lemma extension_z: "gdist V E z (extension z) = 1"
proof -
  have "gdist V E z (\<sigma> z) \<le> 1"
    using gdist_core[OF z_in_core \<sigma>_in_core[OF z_in_core]] good by (simp add: good_placement_def)
  moreover have "gdist V E z (\<sigma> z) \<noteq> 0"
  proof
    assume "gdist V E z (\<sigma> z) = 0"
    moreover obtain ws where "is_walk V E ws" "hd ws = z" "last ws = \<sigma> z"
      using connected_graph_walk[OF connected] z_in_core \<sigma>_in_core[OF z_in_core] core_subset by blast
    ultimately have "z = \<sigma> z" using gdist_eq_0_imp_eq by metis
    with \<sigma>_no_fixpoint z_in_core show False by metis
  qed
  ultimately show ?thesis using extension_core[OF z_in_core] by simp
qed

lemma extension_z_neighbour:
  assumes "{z, y} \<in> E"
  shows "gdist V E y (extension y) \<le> 2"
proof -
  have "y \<in> V" using edge_vertices[OF assms] by simp
  then consider "y \<in> core" | c where "c \<in> X" "y \<in> branch c" using core_or_branch by blast
  then show ?thesis
  proof cases
    case 1
    have "{z, y} \<in> core_edges" using core_edge[OF z_in_core 1 assms] .
    with 1 have "gdist core core_edges y (\<sigma> y) \<le> 2" using good by (simp add: good_placement_def)
    with 1 show ?thesis using gdist_core[OF 1 \<sigma>_in_core[OF 1]] extension_core[OF 1] by simp
  next
    case 2
    with assms have "y = c" using edge_branch_core z_in_core by (metis insert_commute)
    with 2 show ?thesis using gdist_extension_attachment by simp
  qed
qed

lemma extension_leaf:
  assumes "y \<in> V" "degree V E y = 1"
  shows "gdist V E y (extension y) \<le> 4"
proof -
  consider "y \<in> core" | c where "c \<in> X" "y \<in> branch c" using core_or_branch[OF assms(1)] by blast
  then show ?thesis
  proof cases
    case 1
    have "y \<noteq> x" using assms(2) degree_x by (auto simp: degree_def)
    with 1 have "degree core core_edges y = 1" using core_neighbours assms(2) by (simp add: degree_def)
    with 1 have "gdist core core_edges y (\<sigma> y) \<le> 4" using good by (simp add: good_placement_def)
    with 1 show ?thesis using gdist_core[OF 1 \<sigma>_in_core[OF 1]] extension_core[OF 1] by simp
  next
    case 2 then show ?thesis by (rule gdist_extension_branch)
  qed
qed

theorem extension_good_placement: "good_placement V E z extension"
  unfolding good_placement_def two_placement_def
  using tree z_in_core core_subset extension_permutes extension_no_fixpoint
    extension_no_edge_image extension_edge_dist extension_z extension_z_neighbour extension_leaf
  by blast

end

theorem corollary3p1:
  fixes V :: "'a set" and E :: "'a set set" and x z :: 'a and X :: "'a set"
    and \<sigma> :: "'a \<Rightarrow> 'a"
  assumes "non_star_tree V E"
    and "x \<in> V"
    and "card {y \<in> V. {x, y} \<in> E} > 2"
    and "X \<subseteq> {y \<in> V. {x, y} \<in> E}"
    and "2 \<le> card X" and "card X < card {y \<in> V. {x, y} \<in> E}"
    and "\<forall>xi\<in>X. nbr_F_tree V E xi x"
    and "V' = comp V (E - {{x, xi} | xi. xi \<in> X}) x"
    and "E' = induced (E - {{x, xi} | xi. xi \<in> X}) V'"
    and "z \<in> V'"
    and "good_placement V' E' z \<sigma>"
    and "gdist V' E' x (\<sigma> x) \<le> 2"
  shows "\<exists>\<sigma>z. good_placement V E z \<sigma>z \<and> (\<forall>v\<in>V'. \<sigma>z v = \<sigma> v) \<and>
           (\<forall>xi\<in>X. gdist V E xi (\<sigma>z xi) \<le> 2)"
proof -
  interpret pendant_branches V E x X
    using assms(1-4,7) by unfold_locales
  have core: "core = V'" and core_edges: "core_edges = E'"
    using assms(8,9) by (simp_all add: core_def core_edges_def)
  interpret core_placement V E x X z \<sigma>
    by unfold_locales (use assms(5,10-12) core core_edges in simp_all)
  show ?thesis
    using extension_good_placement extension_core gdist_extension_attachment core by blast
qed

end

.....

Task instructions:
Looking at the entries, state how many lines hold the string "card", with the number as the sole reply.

Task response:
2